Third, the poor mechanic capacities in severely flow-limited COPD patients may explain why the reversal of the depressive metabolic stimulus of the respiratory drive did not induce an increase in minute ventilation and thus, did not make weaning from ventilator support easier. Finally, the ACET induces a metabolic acidosis which stimulates the respiratory neural-driving. As a consequence, a hyperventilation with polypnea can be observed. This polypnea will significantly increase the workload of respiratory muscles and shortens the time of the respiratory cycle with its two components inspiratory and expiratory.

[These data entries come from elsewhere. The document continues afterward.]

(* Let $p\in(1,2]$ and let $\varphi:\mathbb{R}^n\to\mathbb{R}\cup\{+\infty\}$ be proper and lower semicontinuous. Suppose $\bar x=0$ is a $p$-calm point of $\varphi$ with constant $M>0$, $\varphi(0)=0$, and $\varphi$ is $q$-prox-regular with some $q\ge2$ at $\bar x=0$ for $\bar\zeta=0\in\partial\varphi(0)$ with constants $\varepsilon>0$ and $\rho>0$. Then for each $\gamma\in\big(0,\frac{2^{1-p}}{Mp}\big)$ when $p\in(1,2)$, and each $\gamma\in\big(0,\min\{\frac1{4M},\frac1\rho\}\big)$ when $p=2$, there exists a neighbourhood $U$ of $0$ such that $\operatorname{prox}^p_{\gamma\varphi}$ is single-valued and continuous on $U$ and $\varphi^p_\gamma\in C^1(U)$.
   Context: $\operatorname{prox}^p_{\gamma\varphi}(x):=\operatorname{argmin}_{y}\big(\varphi(y)+\frac{1}{p\gamma}\|x-y\|^p\big)$, $\varphi^p_\gamma(x):=\inf_y\big(\varphi(y)+\frac{1}{p\gamma}\|x-y\|^p\big)$. $\bar x$ is a $p$-calm point with constant $M>0$ if $\varphi(x)+M\|x-\bar x\|^p>\varphi(\bar x)$ for all $x\neq\bar x$. $\partial$ denotes the Mordukhovich (limiting) subdifferential. $\varphi$ is $q$-prox-regular ($q\ge2$) at $\bar x\in\operatorname{dom}\varphi$ for $\bar\zeta\in\partial\varphi(\bar x)$ with constants $\varepsilon>0,\rho\ge0$ if $\varphi(x')\ge\varphi(x)+\langle\zeta,x'-x\rangle-\frac\rho2\|x'-x\|^q$ for all $x'\in\mathbb{B}(\bar x;\varepsilon)$, whenever $x\in\mathbb{B}(\bar x;\varepsilon)$, $\zeta\in\partial\varphi(x)\cap\mathbb{B}(\bar\zeta;\varepsilon)$ and $\varphi(x)<\varphi(\bar x)+\varepsilon$. *)

theory Defs
  imports "HOL-Analysis.Analysis" "HOL-Library.Extended_Real"
begin

definition proper_fun :: "('a \<Rightarrow> ereal) \<Rightarrow> bool" where
  "proper_fun \<phi> \<longleftrightarrow> (\<forall>x. \<phi> x \<noteq> -\<infinity>) \<and> (\<exists>x. \<phi> x \<noteq> \<infinity>)"

definition lsc :: "('a::topological_space \<Rightarrow> ereal) \<Rightarrow> bool" where
  "lsc \<phi> \<longleftrightarrow> (\<forall>x. \<phi> x \<le> Liminf (at x) \<phi>)"

definition frechet_subdiff :: "('a::real_inner \<Rightarrow> ereal) \<Rightarrow> 'a \<Rightarrow> 'a set" where
  "frechet_subdiff \<phi> x = {\<zeta>. \<bar>\<phi> x\<bar> \<noteq> \<infinity> \<and>
     (\<forall>e>0. \<exists>d>0. \<forall>y. norm (y - x) < d \<longrightarrow>
         \<phi> y \<ge> \<phi> x + ereal (inner \<zeta> (y - x) - e * norm (y - x)))}"

definition limiting_subdiff :: "('a::real_inner \<Rightarrow> ereal) \<Rightarrow> 'a \<Rightarrow> 'a set" where
  "limiting_subdiff \<phi> x = {\<zeta>. \<bar>\<phi> x\<bar> \<noteq> \<infinity> \<and>
     (\<exists>xs zs. xs \<longlonglongrightarrow> x \<and> (\<lambda>k. \<phi> (xs k)) \<longlonglongrightarrow> \<phi> x \<and> zs \<longlonglongrightarrow> \<zeta> \<and>
              (\<forall>k. zs k \<in> frechet_subdiff \<phi> (xs k)))}"

definition p_calm :: "real \<Rightarrow> ('a::real_normed_vector \<Rightarrow> ereal) \<Rightarrow> 'a \<Rightarrow> real \<Rightarrow> bool" where
  "p_calm p \<phi> xb M \<longleftrightarrow> (\<forall>x. x \<noteq> xb \<longrightarrow> \<phi> x + ereal (M * norm (x - xb) powr p) > \<phi> xb)"

definition q_prox_regular ::
  "real \<Rightarrow> ('a::real_inner \<Rightarrow> ereal) \<Rightarrow> 'a \<Rightarrow> 'a \<Rightarrow> real \<Rightarrow> real \<Rightarrow> bool" where
  "q_prox_regular q \<phi> xb \<zeta>b \<epsilon> \<rho> \<longleftrightarrow>
     \<bar>\<phi> xb\<bar> \<noteq> \<infinity> \<and> \<zeta>b \<in> limiting_subdiff \<phi> xb \<and> \<epsilon> > 0 \<and> \<rho> \<ge> 0 \<and>
     (\<forall>x \<zeta>. x \<in> cball xb \<epsilon> \<and> \<zeta> \<in> limiting_subdiff \<phi> x \<inter> cball \<zeta>b \<epsilon> \<and>
            \<phi> x < \<phi> xb + ereal \<epsilon> \<longrightarrow>
        (\<forall>x' \<in> cball xb \<epsilon>.
           \<phi> x' \<ge> \<phi> x + ereal (inner \<zeta> (x' - x) - \<rho> / 2 * norm (x' - x) powr q)))"

definition prox :: "real \<Rightarrow> real \<Rightarrow> ('a::real_normed_vector \<Rightarrow> ereal) \<Rightarrow> 'a \<Rightarrow> 'a set" where
  "prox p \<gamma> \<phi> x = {y. \<forall>z. \<phi> y + ereal (norm (x - y) powr p / (p * \<gamma>))
                          \<le> \<phi> z + ereal (norm (x - z) powr p / (p * \<gamma>))}"

definition moreau_env :: "real \<Rightarrow> real \<Rightarrow> ('a::real_normed_vector \<Rightarrow> ereal) \<Rightarrow> 'a \<Rightarrow> ereal" where
  "moreau_env p \<gamma> \<phi> x = (INF y. \<phi> y + ereal (norm (x - y) powr p / (p * \<gamma>)))"

definition C1_on :: "'a::real_inner set \<Rightarrow> ('a \<Rightarrow> ereal) \<Rightarrow> bool" where
  "C1_on U f \<longleftrightarrow> (\<exists>F g. (\<forall>x\<in>U. f x = ereal (F x) \<and>
        (F has_derivative (\<lambda>h. inner (g x) h)) (at x)) \<and> continuous_on U g)"

end

theory Submission
  imports Defs
begin

text \<open>
  Write \<open>g u = \<parallel>u\<parallel>\<^sup>p\<^sup>-\<^sup>2 u\<close> for the gradient of \<open>\<parallel>u\<parallel>\<^sup>p / p\<close>. For \<open>1 < p \<le> 2\<close> the map
  \<open>u \<mapsto> \<parallel>u\<parallel>\<^sup>p\<close> is convex, and on the ball of radius \<open>R\<close> it is strongly convex with modulus
  \<open>(p - 1) R\<^sup>p\<^sup>-\<^sup>2\<close>. Convexity gives \<open>\<parallel>x - y\<parallel>\<^sup>p \<ge> 2\<^sup>1\<^sup>-\<^sup>p \<parallel>y\<parallel>\<^sup>p - \<parallel>x\<parallel>\<^sup>p\<close>, and the bound on \<open>\<gamma>\<close>
  is exactly what makes the prox objective \<open>\<phi> y + \<parallel>x - y\<parallel>\<^sup>p / (p \<gamma>)\<close> coercive despite the
  calmness bound \<open>\<phi> y \<ge> -M \<parallel>y\<parallel>\<^sup>p\<close>. So proximal points \<open>y\<close> of \<open>x\<close> exist, satisfy
  \<open>\<parallel>y\<parallel> \<le> C \<parallel>x\<parallel>\<close>, and \<open>g (x - y) / \<gamma>\<close> is a subgradient of \<open>\<phi>\<close> at \<open>y\<close>.

  Near \<open>0\<close>, prox-regularity makes these subgradients hypomonotone with constant \<open>\<rho>\<close>, while
  \<open>g\<close> is strongly monotone with constant \<open>(p - 1) R\<^sup>p\<^sup>-\<^sup>2\<close> on the ball of radius \<open>R\<close>; this
  constant blows up as \<open>R \<rightarrow> 0\<close> when \<open>p < 2\<close> and equals \<open>1 > \<rho> \<gamma>\<close> when \<open>p = 2\<close>. Strong
  monotonicity therefore wins on a small ball, which yields the Hoelder-type estimate
  \<open>\<theta> \<parallel>(x\<^sub>1 - y\<^sub>1) - (x\<^sub>2 - y\<^sub>2)\<parallel>\<^sup>2 \<le> K \<parallel>x\<^sub>1 - x\<^sub>2\<parallel>\<close>, hence uniqueness and continuity of
  the prox. Finally the envelope is squeezed between two linearizations with slopes
  \<open>g (x' - y) / \<gamma>\<close> and \<open>g (x - y') / \<gamma>\<close>, which both tend to \<open>g (x - y) / \<gamma>\<close>.
\<close>

section \<open>The gradient of the \<open>p\<close>-th power of the norm\<close>

lemma quadratic_le_powr:
  fixes p R t :: real
  assumes "p \<le> 2" and "0 \<le> t" "t \<le> R"
  shows "R powr (p - 2) * t^2 \<le> t powr p"
proof (cases "t = 0")
  case False
  have "R powr (p - 2) \<le> t powr (p - 2)"
    using powr_mono2'[of "p - 2" t R] False assms by simp
  then have "R powr (p - 2) * t^2 \<le> t powr (p - 2) * t powr 2"
    using False assms by (simp add: powr_realpow mult_right_mono)
  then show ?thesis by (simp add: powr_add[symmetric])
qed simp

lemma powr_minus_quadratic_tangent:
  fixes p R a b :: real
  assumes p: "1 < p" "p \<le> 2" and a: "0 < a" "a \<le> R" and b: "0 < b" "b \<le> R"
  shows "a powr p + p * a powr (p - 1) * (b - a) + (p * (p - 1) * R powr (p - 2) / 2) * (b - a)^2 \<le> b powr p"
proof -
  define c where "c = p * (p - 1) * R powr (p - 2) / 2"
  define f where "f t = t powr p - c * t^2" for t
  define f' where "f' t = p * t powr (p - 1) - 2 * c * t" for t
  define f'' where "f'' t = p * (p - 1) * t powr (p - 2) - 2 * c" for t
  have "f' a * (b - a) \<le> f b - f a"
  proof (rule f''_imp_f'[of "{0<..R}"])
    show "DERIV f t :> f' t" if "t \<in> {0<..R}" for t
      using that unfolding f_def f'_def by (auto intro!: derivative_eq_intros has_real_derivative_powr)
    show "DERIV f' t :> f'' t" if "t \<in> {0<..R}" for t
      using that unfolding f'_def f''_def by (auto intro!: derivative_eq_intros has_real_derivative_powr)
    show "0 \<le> f'' t" if "t \<in> {0<..R}" for t
      using that powr_mono2'[of "p - 2" t R] p by (auto simp: f''_def c_def)
  qed (use a b in auto)
  then have "a powr p + p * a powr (p - 1) * (b - a) + c * (b - a)^2 \<le> b powr p"
    by (simp add: f_def f'_def algebra_simps power2_eq_square)
  then show ?thesis by (simp add: c_def)
qed

lemma powr_strong_convexity:
  fixes p R a b :: real
  assumes p: "1 < p" "p \<le> 2" and a: "0 \<le> a" "a \<le> R" and b: "0 \<le> b" "b \<le> R"
  shows "a powr p + p * a powr (p - 1) * (b - a) + (p * (p - 1) * R powr (p - 2) / 2) * (b - a)^2 \<le> b powr p"
proof -
  define c where "c = p * (p - 1) * R powr (p - 2) / 2"
  have c_le: "c \<le> (p - 1) * R powr (p - 2)"
    using mult_right_mono[of "p / 2" 1 "(p - 1) * R powr (p - 2)"] p by (simp add: c_def)
  also have "\<dots> \<le> R powr (p - 2)"
    using mult_right_mono[of "p - 1" 1 "R powr (p - 2)"] p by simp
  finally have "c \<le> R powr (p - 2)" .
  consider "a = 0" | "b = 0" | "0 < a" "0 < b" using a b by linarith
  then show ?thesis
  proof cases
    case 1
    have "c * b^2 \<le> R powr (p - 2) * b^2"
      using \<open>c \<le> R powr (p - 2)\<close> by (simp add: mult_right_mono)
    then show ?thesis using 1 quadratic_le_powr[OF p(2) b] p by (simp add: c_def)
  next
    case 2
    have "c * a^2 \<le> (p - 1) * (R powr (p - 2) * a^2)"
      using mult_right_mono[OF c_le, of "a^2"] by (simp add: mult.assoc)
    also have "\<dots> \<le> (p - 1) * a powr p"
      using quadratic_le_powr[OF p(2) a] p by (simp add: mult_left_mono)
    finally have "c * a^2 \<le> (p - 1) * a powr p" .
    moreover have "a powr (p - 1) * a = a powr p"
      using powr_add[of a "p - 1" 1] a by (cases "a = 0") auto
    ultimately show ?thesis using 2
      by (simp add: c_def algebra_simps power2_eq_square)
  next
    case 3
    then show ?thesis using powr_minus_quadratic_tangent[OF p] a b by simp
  qed
qed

Our study has some limitations. The major limitation is the sample size which was not powered enough to detect a significant difference in ICU outcomes. The retrospective design of our study represents a methodological limitation. In fact, several factors such as spirometric parameters, echocardiographic examinations were usually lacking in the medical charts. Finally, modalities of mechanical ventilation and weaning process were not standardized in both groups. This may suggested by the fact that serum bicarbonate levels were significantly decreased since the second day of ACET administration whereas PaCO2 levels remain unchanged till the fourth day. This may be related to the effect of other factors on the acid-base balance such as different ventilation modalities (tidal volume, respiratory rate, etc.) or the need of further medical therapies (diuretics, steroids, etc.). The lack of standardization of ventilation modalities incites us to interpret the evolution of oxygenation parameters (particularly the PaO2/FiO2 ratio) with caution. In fact, Faisy et al.[8] reported in a case–control study, in which mechanical ventilation modalities and weaning procedures were well standardized, that ACET induced a significant increase of the PaO2/FiO2 ratio under ACET whereas PaCO2 levels remained unchanged. This positive effect of acetazolamide on oxygenation parameters may be related to its diuretic properties.

CONCLUSIONS

Although our study has several limitations, it shows that the use of insufficient acetazolamide dosage (500 mg per day) significantly decreases serum bicarbonate, arterial blood pH, and PaCO2 in patients with COPD exacerbation requiring mechanical ventilation. However, it suggests that systemic ACET therapy in this specific condition is not helpful to reduce the duration of mechanical ventilation and to make the weaning process easier. Thus, further studies are needed to evaluate the effect of ACET on ventilator weaning process in critically ill COPD patients.